Just wish it wasn't so hard for this old guy to get in & out of.

Most interesting engine; Deutz oil cooled diesel., Engine oil circulates around cylinders and through the head. No water and glycol mixture to corrode or boil over.

Oil boils at something over 500F so no need for a pressure system. Leaks from cooling system to anywhere else are non issues.

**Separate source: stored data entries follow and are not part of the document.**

(* Let $r\ge 2$, $\alpha=2^r-1$, $\beta=2^{r-1}(2^r-1)$, let $\mathcal{C}\subseteq\mathbb{Z}_2^\alpha\times\mathbb{Z}_4^\beta$ be a $\mathbb{Z}_2\mathbb{Z}_4$-additive 1-perfect code and $D=\mathcal{C}^\perp$. Then every nonzero codeword of $D$ has weight $2^{2r-1}$.
   Context: A $\mathbb{Z}_2\mathbb{Z}_4$-additive code is an additive subgroup of $\mathbb{Z}_2^\alpha\times\mathbb{Z}_4^\beta$; vectors are $\mathbf{u}=(u\mid u')$ with $u\in\mathbb{Z}_2^\alpha$, $u'\in\mathbb{Z}_4^\beta$. The weight is $w(\mathbf{u})=w_H(u)+w_L(u')$ (Hamming weight plus Lee weight, Lee weights of $0,1,2,3$ being $0,1,2,1$). The Gray map $\phi:\mathbb{Z}_4\to\mathbb{Z}_2^2$ is $0\mapsto(0,0),1\mapsto(0,1),2\mapsto(1,1),3\mapsto(1,0)$, $\Phi(u\mid u')=(u\mid\phi(u'_1),\dots,\phi(u'_\beta))$. A binary code $C\subseteq\mathbb{Z}_2^n$ is 1-perfect if the Hamming balls of radius 1 around its codewords partition $\mathbb{Z}_2^n$; a $\mathbb{Z}_2\mathbb{Z}_4$-additive code is 1-perfect if its Gray image is. The dual is $\mathcal{C}^\perp=\{\mathbf{v}:\mathbf{u}\cdot\mathbf{v}=0\ \forall\mathbf{u}\in\mathcal{C}\}$ with $\mathbf{u}\cdot\mathbf{v}=2\sum_{i=1}^\alpha u_iv_i+\sum_{j=1}^\beta u'_jv'_j\in\mathbb{Z}_4$ (binary entries read as $0,1\in\mathbb{Z}_4$). *)

theory Defs
  imports Main
begin

text \<open>Vectors of Z2^alpha x Z4^beta are pairs of lists of naturals: the binary part
  has entries in {0,1}, the quaternary part entries in {0,1,2,3}.\<close>

type_synonym z2z4vec = "nat list \<times> nat list"

definition z2z4_space :: "nat \<Rightarrow> nat \<Rightarrow> z2z4vec set" where
  "z2z4_space a b = {(u, u'). length u = a \<and> set u \<subseteq> {0,1} \<and>
                              length u' = b \<and> set u' \<subseteq> {0,1,2,3}}"

definition z2z4_zero :: "nat \<Rightarrow> nat \<Rightarrow> z2z4vec" where
  "z2z4_zero a b = (replicate a 0, replicate b 0)"

definition z2z4_add :: "z2z4vec \<Rightarrow> z2z4vec \<Rightarrow> z2z4vec" where
  "z2z4_add x y = (map2 (\<lambda>p q. (p + q) mod 2) (fst x) (fst y),
                   map2 (\<lambda>p q. (p + q) mod 4) (snd x) (snd y))"

definition z2z4_neg :: "z2z4vec \<Rightarrow> z2z4vec" where
  "z2z4_neg x = (map (\<lambda>p. (2 - p) mod 2) (fst x), map (\<lambda>p. (4 - p) mod 4) (snd x))"

definition z2z4_additive :: "nat \<Rightarrow> nat \<Rightarrow> z2z4vec set \<Rightarrow> bool" where
  "z2z4_additive a b C \<longleftrightarrow> C \<subseteq> z2z4_space a b \<and> z2z4_zero a b \<in> C \<and>
     (\<forall>x\<in>C. \<forall>y\<in>C. z2z4_add x y \<in> C) \<and> (\<forall>x\<in>C. z2z4_neg x \<in> C)"

definition lee_weight :: "nat \<Rightarrow> nat" where
  "lee_weight x = (if x = 0 then 0 else if x = 2 then 2 else 1)"

definition z2z4_weight :: "z2z4vec \<Rightarrow> nat" where
  "z2z4_weight x = length (filter (\<lambda>p. p \<noteq> 0) (fst x)) + sum_list (map lee_weight (snd x))"

definition gray :: "nat \<Rightarrow> nat list" where
  "gray x = (if x = 0 then [0,0] else if x = 1 then [0,1] else if x = 2 then [1,1] else [1,0])"

definition Gray :: "z2z4vec \<Rightarrow> nat list" where
  "Gray x = fst x @ concat (map gray (snd x))"

definition bin_space :: "nat \<Rightarrow> nat list set" where
  "bin_space n = {v. length v = n \<and> set v \<subseteq> {0,1}}"

definition hamming_dist :: "nat list \<Rightarrow> nat list \<Rightarrow> nat" where
  "hamming_dist x y = length (filter (\<lambda>(p,q). p \<noteq> q) (zip x y))"

definition one_perfect :: "nat \<Rightarrow> nat list set \<Rightarrow> bool" where
  "one_perfect n C \<longleftrightarrow> C \<subseteq> bin_space n \<and>
     (\<forall>x\<in>bin_space n. \<exists>!c. c \<in> C \<and> hamming_dist x c \<le> 1)"

definition z2z4_one_perfect :: "nat \<Rightarrow> nat \<Rightarrow> z2z4vec set \<Rightarrow> bool" where
  "z2z4_one_perfect a b C \<longleftrightarrow> one_perfect (a + 2 * b) (Gray ` C)"

definition z2z4_inner :: "z2z4vec \<Rightarrow> z2z4vec \<Rightarrow> nat" where
  "z2z4_inner x y = (2 * sum_list (map2 (*) (fst x) (fst y))
                     + sum_list (map2 (*) (snd x) (snd y))) mod 4"

definition z2z4_dual :: "nat \<Rightarrow> nat \<Rightarrow> z2z4vec set \<Rightarrow> z2z4vec set" where
  "z2z4_dual a b C = {v \<in> z2z4_space a b. \<forall>u\<in>C. z2z4_inner u v = 0}"

end

theory Submission
  imports Defs "HOL-Number_Theory.Cong"
begin

text \<open>For a nonzero dual vector \<open>v\<close>, sum the real parts of the character
  \<open>x \<mapsto> i^(x\<cdot>v)\<close> over the whole space. Orthogonality of characters makes the sum
  vanish. On the other hand the space is the direct sum of \<open>C\<close> and the ball \<open>B\<close> of
  vectors of weight at most 1 (the Gray map turns weight into Hamming distance), and the
  character is trivial on \<open>C\<close>; so the sum is \<open>|C|\<close> times the sum over \<open>B\<close>, which
  equals \<open>1 + \<alpha> + 2\<beta> - 2 w(v)\<close>. Hence \<open>w(v) = (1 + \<alpha> + 2\<beta>)/2 = 2^(2r-1)\<close>.\<close>

lemma z2z4_space_iff:
  "x \<in> z2z4_space a b \<longleftrightarrow> length (fst x) = a \<and> set (fst x) \<subseteq> {0,1} \<and>
                            length (snd x) = b \<and> set (snd x) \<subseteq> {0,1,2,3}"
  by (cases x) (auto simp: z2z4_space_def)

lemma z2z4_space_0_0: "z2z4_space 0 0 = {([],[])}"
  by (auto simp: z2z4_space_def)

lemma z2z4_space_Suc_bin:
  "z2z4_space (Suc a) b = (\<lambda>(p,(u,u')). (p#u,u')) ` ({0,1} \<times> z2z4_space a b)"
  by (auto simp: z2z4_space_def length_Suc_conv image_iff)

lemma z2z4_space_Suc_quat:
  "z2z4_space a (Suc b) = (\<lambda>(p,(u,u')). (u,p#u')) ` ({0,1,2,3} \<times> z2z4_space a b)"
  by (auto simp: z2z4_space_def length_Suc_conv image_iff)

lemma finite_z2z4_space: "finite (z2z4_space a b)"
proof (rule finite_subset)
  show "z2z4_space a b \<subseteq> {xs. set xs \<subseteq> {0,1} \<and> length xs = a} \<times>
                         {xs. set xs \<subseteq> {0,1,2,3} \<and> length xs = b}"
    by (auto simp: z2z4_space_def)
  show "finite ({xs. set xs \<subseteq> {0,1::nat} \<and> length xs = a} \<times>
                {xs. set xs \<subseteq> {0,1,2,3::nat} \<and> length xs = b})"
    by (intro finite_cartesian_product finite_lists_length_eq) auto
qed

lemma z2z4_zero_in_space: "z2z4_zero a b \<in> z2z4_space a b"
  by (auto simp: z2z4_zero_def z2z4_space_def)

lemma z2z4_add_in_space:
  "c \<in> z2z4_space a b \<Longrightarrow> e \<in> z2z4_space a b \<Longrightarrow> z2z4_add c e \<in> z2z4_space a b"
  by (auto simp: z2z4_space_iff z2z4_add_def set_zip)

lemma z2z4_dims_induct [case_names 0 Suc_bin Suc_quat]:
  assumes "P 0 0" "\<And>a b. P a b \<Longrightarrow> P (Suc a) b" "\<And>a b. P a b \<Longrightarrow> P a (Suc b)"
  shows "P a b"
proof (induction a)
  case 0 show ?case by (induction b) (use assms in auto)
qed (use assms in auto)

lemma sum_z2z4_space_Suc_bin:
  "(\<Sum>x\<in>z2z4_space (Suc a) b. h x) = (\<Sum>p\<in>{0,1}. \<Sum>u\<in>z2z4_space a b. h (p#fst u, snd u))"
proof -
  have "inj_on (\<lambda>(p,(u,u')). (p#u,u')) ({0,1} \<times> z2z4_space a b)"
    by (auto simp: inj_on_def)
  then have "(\<Sum>x\<in>z2z4_space (Suc a) b. h x)
      = (\<Sum>y\<in>{0,1} \<times> z2z4_space a b. h ((\<lambda>(p,(u,u')). (p#u,u')) y))"
    unfolding z2z4_space_Suc_bin by (rule sum.reindex[unfolded comp_def])
  also have "\<dots> = (\<Sum>p\<in>{0,1}. \<Sum>u\<in>z2z4_space a b. h (p#fst u, snd u))"
    unfolding sum.cartesian_product by (rule sum.cong) (auto split: prod.splits)
  finally show ?thesis .
qed

lemma sum_z2z4_space_Suc_quat:
  "(\<Sum>x\<in>z2z4_space a (Suc b). h x) = (\<Sum>p\<in>{0,1,2,3}. \<Sum>u\<in>z2z4_space a b. h (fst u, p#snd u))"
proof -
  have "inj_on (\<lambda>(p,(u,u')). (u,p#u')) ({0,1,2,3} \<times> z2z4_space a b)"
    by (auto simp: inj_on_def)
  then have "(\<Sum>x\<in>z2z4_space a (Suc b). h x)
      = (\<Sum>y\<in>{0,1,2,3} \<times> z2z4_space a b. h ((\<lambda>(p,(u,u')). (u,p#u')) y))"
    unfolding z2z4_space_Suc_quat by (rule sum.reindex[unfolded comp_def])
  also have "\<dots> = (\<Sum>p\<in>{0,1,2,3}. \<Sum>u\<in>z2z4_space a b. h (fst u, p#snd u))"
    unfolding sum.cartesian_product by (rule sum.cong) (auto split: prod.splits)
  finally show ?thesis .
qed

lemma z2z4_weight_Cons_bin [simp]:
  "z2z4_weight (p#u, u') = (if p = 0 then 0 else 1) + z2z4_weight (u, u')"
  by (simp add: z2z4_weight_def)

lemma z2z4_weight_Cons_quat [simp]:
  "z2z4_weight (u, p#u') = lee_weight p + z2z4_weight (u, u')"
  by (simp add: z2z4_weight_def)

lemma z2z4_weight_eq_0_iff:
  assumes "u \<in> z2z4_space a b"
  shows "z2z4_weight u = 0 \<longleftrightarrow> u = z2z4_zero a b"
proof
  assume w: "z2z4_weight u = 0"
  have "\<forall>x\<in>set (fst u). x = 0" using w by (auto simp: z2z4_weight_def filter_empty_conv)
  then have "fst u = replicate a 0"
    using assms replicate_length_same[of "fst u" 0] by (auto simp: z2z4_space_def)
  moreover have "snd u = replicate b 0"
  proof -
    have "\<forall>x\<in>set (snd u). lee_weight x = 0"
      using w by (auto simp: z2z4_weight_def sum_list_eq_0_iff)
    then have "\<forall>x\<in>set (snd u). x = 0" by (auto simp: lee_weight_def split: if_splits)
    then show ?thesis
      using assms replicate_length_same[of "snd u" 0] by (auto simp: z2z4_space_def)
  qed
  ultimately show "u = z2z4_zero a b" by (simp add: z2z4_zero_def prod_eq_iff)
qed (simp add: z2z4_zero_def z2z4_weight_def lee_weight_def)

Not good for distances, slow and rough in open fields or crossing bumps. Great in tight places.


----------



## bjr (Jan 24, 2013)

Okay guys, I gotta know, isn't there a constantly getting stuck issue? I don't own one and the few times I ever operated one I got thing stuck as the ground clearance was minimul and if the wheels spun just a little it was buried up the frame and then we had a real turd to get out. heavy, heavy. Just about had to have dedicated four wheel drive tractor to follow it around to pull it out. I don't get all the excitement over a "Skid Steer"? bjr


----------



## 8350HiTech (Jul 26, 2013)

bjr said:


> Okay guys, I gotta know, isn't there a constantly getting stuck issue? I don't own one and the few times I ever operated one I got thing stuck as the ground clearance was minimul and if the wheels spun just a little it was buried up the frame and then we had a real turd to get out. heavy, heavy. Just about had to have dedicated four wheel drive tractor to follow it around to pull it out. I don't get all the excitement over a "Skid Steer"? bjr


Were you in a swamp? They aren't hovercrafts.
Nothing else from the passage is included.